Most important, the worldwide increase in the number of highly trained professionals, all working intensely to achieve any competitive advantage, has been phenomenal. Consequently, today’s stock market is an aggregation of all the expert estimates of price-to-value coming every day from extraordinary numbers of hardworking, independent, experienced, well-informed, professional decision makers. The result is the world’s largest ever “prediction market.” Against this consensus of experts, managers of diversified portfolios of publicly traded securities who strive to beat the market are sorely challenged.

If the upward trend of fees and the downward trend of prospects for beat-the-market performance wave a warning flag for investors—as they certainly should—objective reality should cause all investors who believe investment management fees are low to reconsider.1 Seen from the right perspective, active management fees are not low—they are high, very high.

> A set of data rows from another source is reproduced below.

lemma one_minus_invertible:
  fixes z :: "'a::{real_normed_algebra_1, banach}"
  assumes "norm z < 1"
  shows "\<exists>w. (1 - z) * w = 1 \<and> w * (1 - z) = 1"
proof -
  have s: "summable (\<lambda>n. z ^ n)" by (rule complete_algebra_summable_geometric[OF assms])
  have t: "(\<lambda>n. z ^ n - z ^ Suc n) sums 1"
    using telescope_sums'[OF LIMSEQ_power_zero[OF assms]] by simp
  have "(\<lambda>n. (1 - z) * z ^ n) = (\<lambda>n. z ^ n - z ^ Suc n)"
    by (simp add: algebra_simps)
  then have "(1 - z) * suminf (\<lambda>n. z ^ n) = 1"
    using sums_mult[OF summable_sums[OF s], of "1 - z"] t sums_unique2 by metis
  moreover have "(\<lambda>n. z ^ n * (1 - z)) = (\<lambda>n. z ^ n - z ^ Suc n)"
    by (simp add: algebra_simps power_commutes)
  then have "suminf (\<lambda>n. z ^ n) * (1 - z) = 1"
    using sums_mult2[OF summable_sums[OF s], of "1 - z"] t sums_unique2 by metis
  ultimately show ?thesis by blast
qed

lemma commute_with_inverse:
  fixes X R h :: "'a::monoid_mult"
  assumes "X * R = 1" "R * X = 1" "h * X = X * h"
  shows "h * R = R * h"
proof -
  have "R * h = R * h * (X * R)" using assms(1) by simp
  also have "\<dots> = R * (h * X) * R" by (simp add: mult.assoc)
  also have "\<dots> = R * (X * h) * R" using assms(3) by simp
  also have "\<dots> = (R * X) * h * R" by (simp add: mult.assoc)
  finally show ?thesis using assms(2) by simp
qed

text \<open>The discriminant argument of the Cauchy--Schwarz inequality, for \<open>G = |\<langle>a, b\<rangle>|\<^sup>2\<close>.\<close>

lemma le_mult_if_quadratic_nonneg:
  fixes \<alpha> \<beta> G :: real
  assumes "0 \<le> \<beta>" "0 \<le> G" and quadratic: "\<And>t. 0 \<le> \<alpha> - 2 * t * G + t\<^sup>2 * G * \<beta>"
  shows "G \<le> \<alpha> * \<beta>"
proof (cases "\<beta> = 0")
  case True
  have "G = 0"
  proof (rule ccontr)
    assume "G \<noteq> 0"
    then show False
      using quadratic[of "(\<alpha> + 1) / (2 * G)"] True by simp
  qed
  then show ?thesis using True by simp
next
  case False
  then have "0 < \<beta>" using assms(1) by simp
  moreover have "0 \<le> \<alpha> - 2 * (1 / \<beta>) * G + (1 / \<beta>)\<^sup>2 * G * \<beta>" by (rule quadratic)
  ultimately show ?thesis by (simp add: power2_eq_square field_simps)
qed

Extensive, undeniable data show that identifying in advance any one particular investment manager who will—after costs, taxes, and fees—achieve the holy grail of beating the market is highly improbable. Yes, Virginia, some managers will always beat the market, but we have no reliable way of determining in advance which managers will be the lucky ones.

Price is surely not everything, but just as surely, when analyzed as incremental fees for incremental returns, investment management fees are not “almost nothing.” No wonder increasing numbers of individual and institutional investors are turning to exchange-traded funds and index funds—and those experienced with either or both are steadily increasing their use of them.

Meanwhile, those hardworking and happy souls immersed in the fascinating complexities of active investment management might well wonder, Are we and our industry-wide compensation in a global bubble of our own creation? Does a specter of declining fees haunt our industry’s future? I believe it does, particularly for those who serve individual and institutional investors and continue to define their mission as beat-the-market performance.

Notes
1. The announcement in February by the U.S. Labor Department that it will require more disclosure of fees to 401(k) sponsors and participants may help some investors do so.